I've heard great things about Nigel/Danielson, Aries/Go, and Strong/Necro/Stevens from the 6th Anniversary Show but haven't seen them yet.


----------



## Saint Dick

-Mystery- said:


> -Aries/Stevens from Proving Ground
> -Danielson/Black from Breakout
> -Nigel/Strong from Without Remorse
> 
> I've heard great things about Nigel/Danielson, Aries/Go, and Strong/Necro/Stevens from the 6th Anniversary Show but haven't seen them yet.


Thanks, I'll definitely try to check those out but what I'm more interested in atm is promos and segments. When I do watch ROH matches I'm able to enjoy them because it's good wrestling but if I'm actually going to follow the promotion I want to know about the wrestlers' characters, gimmicks, stories, that sorta stuff. Do you think I'd be able to find promos on youtube or dailymotion? And what's the ROH Video Wire?


----------



## -Mystery-

Any segment with Larry Sweeney in it is a good segment. Also, the video wire usually recaps recent shows, announces matches for upcoming shows, and has promos from various wrestlers.


----------



## Saint Dick

Thanks for the help (Y)


----------



## McQueen

Any segment with the Briscoes requires a translator.

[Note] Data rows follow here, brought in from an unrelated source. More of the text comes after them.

(* Let $\mathfrak g$ be a Lie algebra over a field $\mathbb k$ and $(X,\Delta,T)$ the associated TSD object obtained by composing the binary SD operation. For a Lie $2$-cochain $\phi$ define $\Theta^2(\phi)\colon X^{\otimes 3}\to X$ by $\Theta^2(\phi)((a,x)\otimes(b,y)\otimes(c,z))=\big(0,\ b\phi(x,z)+c\phi(x,y)+[\phi(x,y),z]+\phi([x,y],z)\big).$ Then $\Theta^2$ maps $Z^2_{\rm Lie}(\mathfrak g;\mathfrak g)$ into $Z^2_{\rm TSD}(X;X)$ and $B^2_{\rm Lie}(\mathfrak g;\mathfrak g)$ into $B^2_{\rm TSD}(X;X)$, and thus induces a homomorphism $H^2_{\rm Lie}(\mathfrak g;\mathfrak g)\to H^2_{\rm TSD}(X;X)$.
   Context: $X=\mathbb k\oplus\mathfrak g$, $\Delta(a,x)=(a,x)\otimes(1,0)+(1,0)\otimes(0,x)$, $\Delta_3=(\Delta\otimes\mathbb 1)\Delta$ (Sweedler $\Delta_3(w)=w^{(1)}\otimes w^{(2)}\otimes w^{(3)}$), $q((a,x)\otimes(b,y))=(ab,bx+[x,y])$, and $T=q\circ(q\otimes\mathbb 1)$, i.e. $T((a,x)\otimes(b,y)\otimes(c,z))=(abc,\ bcx+c[x,y]+b[x,z]+[[x,y],z])$. TSD cohomology: $\sigma\colon X^{\otimes 9}\to X^{\otimes 9}$ sends $u_1\otimes\cdots\otimes u_9$ to $u_1\otimes u_4\otimes u_7\otimes u_2\otimes u_5\otimes u_8\otimes u_3\otimes u_6\otimes u_9$. $C^1_{\rm TSD}$ = linear $f$ with $\Delta_3 f=(f\otimes\mathbb 1\otimes\mathbb 1+\mathbb 1\otimes f\otimes\mathbb 1+\mathbb 1\otimes\mathbb 1\otimes f)\Delta_3$; $C^2_{\rm TSD}$ = linear $\psi\colon X^{\otimes 3}\to X$ with $\Delta_3\psi=(\psi\otimes T\otimes T+T\otimes\psi\otimes T+T\otimes T\otimes\psi)\sigma\Delta_3^{\otimes3}$; $\delta^1 f(x\otimes y\otimes z)=f(T(x\otimes y\otimes z))-T(f(x)\otimes y\otimes z)-T(x\otimes f(y)\otimes z)-T(x\otimes y\otimes f(z))$; $\delta^2\psi(x\otimes y\otimes z\otimes w\otimes u)=T(\psi(x\otimes y\otimes z)\otimes w\otimes u)+\psi(T(x\otimes y\otimes z)\otimes w\otimes u)-\psi(A_1\otimes A_2\otimes A_3)-T(\Psi_1\otimes A_2\otimes A_3)-T(A_1\otimes\Psi_2\otimes A_3)-T(A_1\otimes A_2\otimes\Psi_3)$, where $A_i=T(x_i\otimes w^{(i)}\otimes u^{(i)})$, $(x_1,x_2,x_3)=(x,y,z)$, $\Psi_i$ likewise with $\psi$; $Z^2_{\rm TSD}=C^2_{\rm TSD}\cap\ker\delta^2$, $B^2_{\rm TSD}=\delta^1(C^1_{\rm TSD})$, $H^2_{\rm TSD}=Z^2/B^2$. Lie cohomology: $2$-cochains are alternating bilinear $\phi\colon\mathfrak g\times\mathfrak g\to\mathfrak g$; $\delta^2\phi(x,y,z)=[\phi(x,y),z]+[\phi(y,z),x]+[\phi(z,x),y]+\phi([x,y],z)+\phi([y,z],x)+\phi([z,x],y)$; $\delta^1f(x,y)=f([x,y])-[f(x),y]-[x,f(y)]$; $H^2_{\rm Lie}=\ker\delta^2/\operatorname{im}\delta^1$. *)

theory Defs
  imports Complex_Main "HOL-Library.Product_Plus"
begin

text \<open>The TSD object is
  X = k (+) g, modelled as the product type 'k * 'g (componentwise addition from
  Product_Plus), with scalar multiplication Xsc.\<close>

definition Xsc :: "('k::field \<Rightarrow> 'g::ab_group_add \<Rightarrow> 'g) \<Rightarrow> 'k \<Rightarrow> 'k \<times> 'g \<Rightarrow> 'k \<times> 'g" where
  "Xsc scale c u = (c * fst u, scale c (snd u))"

definition g_lin :: "('k::field \<Rightarrow> 'g::ab_group_add \<Rightarrow> 'g) \<Rightarrow> ('g \<Rightarrow> 'g) \<Rightarrow> bool" where
  "g_lin scale f \<longleftrightarrow> (\<forall>x y. f (x + y) = f x + f y) \<and> (\<forall>c x. f (scale c x) = scale c (f x))"

definition g_bilin :: "('k::field \<Rightarrow> 'g::ab_group_add \<Rightarrow> 'g) \<Rightarrow> ('g \<Rightarrow> 'g \<Rightarrow> 'g) \<Rightarrow> bool" where
  "g_bilin scale b \<longleftrightarrow> (\<forall>y. g_lin scale (\<lambda>x. b x y)) \<and> (\<forall>x. g_lin scale (\<lambda>y. b x y))"

definition lie_algebra :: "('k::field \<Rightarrow> 'g::ab_group_add \<Rightarrow> 'g) \<Rightarrow> ('g \<Rightarrow> 'g \<Rightarrow> 'g) \<Rightarrow> bool" where
  "lie_algebra scale br \<longleftrightarrow> vector_space scale \<and> g_bilin scale br \<and> (\<forall>x. br x x = 0)
     \<and> (\<forall>x y z. br x (br y z) + br y (br z x) + br z (br x y) = 0)"

definition C2_Lie :: "('k::field \<Rightarrow> 'g::ab_group_add \<Rightarrow> 'g) \<Rightarrow> ('g \<Rightarrow> 'g \<Rightarrow> 'g) \<Rightarrow> bool" where
  "C2_Lie scale \<phi> \<longleftrightarrow> g_bilin scale \<phi> \<and> (\<forall>x. \<phi> x x = 0)"

definition lie_delta2 :: "('g::ab_group_add \<Rightarrow> 'g \<Rightarrow> 'g) \<Rightarrow> ('g \<Rightarrow> 'g \<Rightarrow> 'g) \<Rightarrow> 'g \<Rightarrow> 'g \<Rightarrow> 'g \<Rightarrow> 'g" where
  "lie_delta2 br \<phi> x y z = br (\<phi> x y) z + br (\<phi> y z) x + br (\<phi> z x) y
     + \<phi> (br x y) z + \<phi> (br y z) x + \<phi> (br z x) y"

definition lie_delta1 :: "('g::ab_group_add \<Rightarrow> 'g \<Rightarrow> 'g) \<Rightarrow> ('g \<Rightarrow> 'g) \<Rightarrow> 'g \<Rightarrow> 'g \<Rightarrow> 'g" where
  "lie_delta1 br f x y = f (br x y) - br (f x) y - br x (f y)"

definition Z2_Lie :: "('k::field \<Rightarrow> 'g::ab_group_add \<Rightarrow> 'g) \<Rightarrow> ('g \<Rightarrow> 'g \<Rightarrow> 'g) \<Rightarrow> ('g \<Rightarrow> 'g \<Rightarrow> 'g) set" where
  "Z2_Lie scale br = {\<phi>. C2_Lie scale \<phi> \<and> (\<forall>x y z. lie_delta2 br \<phi> x y z = 0)}"

definition B2_Lie :: "('k::field \<Rightarrow> 'g::ab_group_add \<Rightarrow> 'g) \<Rightarrow> ('g \<Rightarrow> 'g \<Rightarrow> 'g) \<Rightarrow> ('g \<Rightarrow> 'g \<Rightarrow> 'g) set" where
  "B2_Lie scale br = {\<phi>. \<exists>f. g_lin scale f \<and> \<phi> = lie_delta1 br f}"

definition Xlin :: "('k::field \<Rightarrow> 'g::ab_group_add \<Rightarrow> 'g) \<Rightarrow> ('k \<times> 'g \<Rightarrow> 'k \<times> 'g) \<Rightarrow> bool" where
  "Xlin scale f \<longleftrightarrow> (\<forall>u v. f (u + v) = f u + f v) \<and> (\<forall>c u. f (Xsc scale c u) = Xsc scale c (f u))"

text \<open>A linear map X (x) X (x) X \<rightarrow> X is represented by the trilinear map it induces.\<close>
definition Xtrilin :: "('k::field \<Rightarrow> 'g::ab_group_add \<Rightarrow> 'g) \<Rightarrow> ('k \<times> 'g \<Rightarrow> 'k \<times> 'g \<Rightarrow> 'k \<times> 'g \<Rightarrow> 'k \<times> 'g) \<Rightarrow> bool" where
  "Xtrilin scale \<psi> \<longleftrightarrow> (\<forall>v w. Xlin scale (\<lambda>u. \<psi> u v w)) \<and> (\<forall>u w. Xlin scale (\<lambda>v. \<psi> u v w))
     \<and> (\<forall>u v. Xlin scale (\<lambda>w. \<psi> u v w))"

definition qop :: "('k::field \<Rightarrow> 'g::ab_group_add \<Rightarrow> 'g) \<Rightarrow> ('g \<Rightarrow> 'g \<Rightarrow> 'g) \<Rightarrow> 'k \<times> 'g \<Rightarrow> 'k \<times> 'g \<Rightarrow> 'k \<times> 'g" where
  "qop scale br u v = (fst u * fst v, scale (fst v) (snd u) + br (snd u) (snd v))"

definition Top :: "('k::field \<Rightarrow> 'g::ab_group_add \<Rightarrow> 'g) \<Rightarrow> ('g \<Rightarrow> 'g \<Rightarrow> 'g) \<Rightarrow> 'k \<times> 'g \<Rightarrow> 'k \<times> 'g \<Rightarrow> 'k \<times> 'g \<Rightarrow> 'k \<times> 'g" where
  "Top scale br u v w = qop scale br (qop scale br u v) w"

text \<open>Elements of X (x) X and X (x) X (x) X given as formal sums of pure tensors
  (lists of coefficient, factors).  Delta(a,x) = (a,x)(x)(1,0) + (1,0)(x)(0,x),
  Delta3 = (Delta (x) 1) Delta.\<close>
definition Delta :: "'k::field \<times> 'g::ab_group_add \<Rightarrow> ('k \<times> ('k \<times> 'g) \<times> ('k \<times> 'g)) list" where
  "Delta w = [(1, w, (1, 0)), (1, (1, 0), (0, snd w))]"

definition Delta3 :: "'k::field \<times> 'g::ab_group_add \<Rightarrow> ('k \<times> ('k \<times> 'g) \<times> ('k \<times> 'g) \<times> ('k \<times> 'g)) list" where
  "Delta3 w = concat (map (\<lambda>(c, v, r). map (\<lambda>(c', p, q). (c * c', p, q, r)) (Delta v)) (Delta w))"

text \<open>Free vector space on triples: finitely supported functions. A formal sum
  is sent to its element of the free vector space; the tensor product is the
  quotient by the span of the multilinearity relations.\<close>
definition fsum3 :: "('k::field \<times> 'x \<times> 'x \<times> 'x) list \<Rightarrow> ('x \<times> 'x \<times> 'x \<Rightarrow> 'k)" where
  "fsum3 l t = sum_list (map fst (filter (\<lambda>e. snd e = t) l))"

If you hadn't already noticed.


----------



## WillTheBloody

McQueen said:


> Any segment with the Briscoes requires a translator.
> 
> If you hadn't already noticed.


If I ran TNA (that's a lot longer read...) I'd hire The Briscoes and have them do the EXACT same promos they do in ROH. Of course, they would be censored:

JAY: Hey! LAX..._*bleep* *bleep* *bleep*_ mother _*bleep*_ _*bleep*_ can of beans _*bleep*_ son of a _*bleep* *bleep* *bleep* *bleep* *bleep*_ or we'll _*bleep* *bleep*_ the _*bleep*_ out of your _*bleep*_ .

MARK: Yeah... _*bleep* *bleep* *bleep* *bleep* *bleep* *bleep* 
*bleep* *bleep* *bleep* *bleep* *bleep*_ all up in that *bleep*!

It's like a game where you try and figure out what they're saying...


----------



## vivalabrave

WillTheBloody said:


> JAY: Hey! LAX..._*bleep* *bleep* *bleep*_ mother _*bleep*_ _*bleep*_ can of beans _*bleep*_ son of a _*bleep* *bleep* *bleep* *bleep* *bleep*_ or we'll _*bleep* *bleep*_ the _*bleep*_ out of your _*bleep*_ .
> 
> MARK: Yeah... _*bleep* *bleep* *bleep* *bleep* *bleep* *bleep*
> *bleep* *bleep* *bleep* *bleep* *bleep*_ all up in that *bleep*!


Also insert any of these words:

1. Man
2. Up
3. Boy

anywhere in the promo...many times over...


----------



## Sephiroth

Briscoes are SO underrated on the mic . They get their point across better than anyone in the business. Even better considering their promos consist of less than 10 different words used over and over again for 2 minutes.


----------



## KingCrash

vivalabrave said:


> Also insert any of these words:
> 
> 1. Man
> 2. Up
> 3. Boy
> 
> anywhere in the promo...many times over...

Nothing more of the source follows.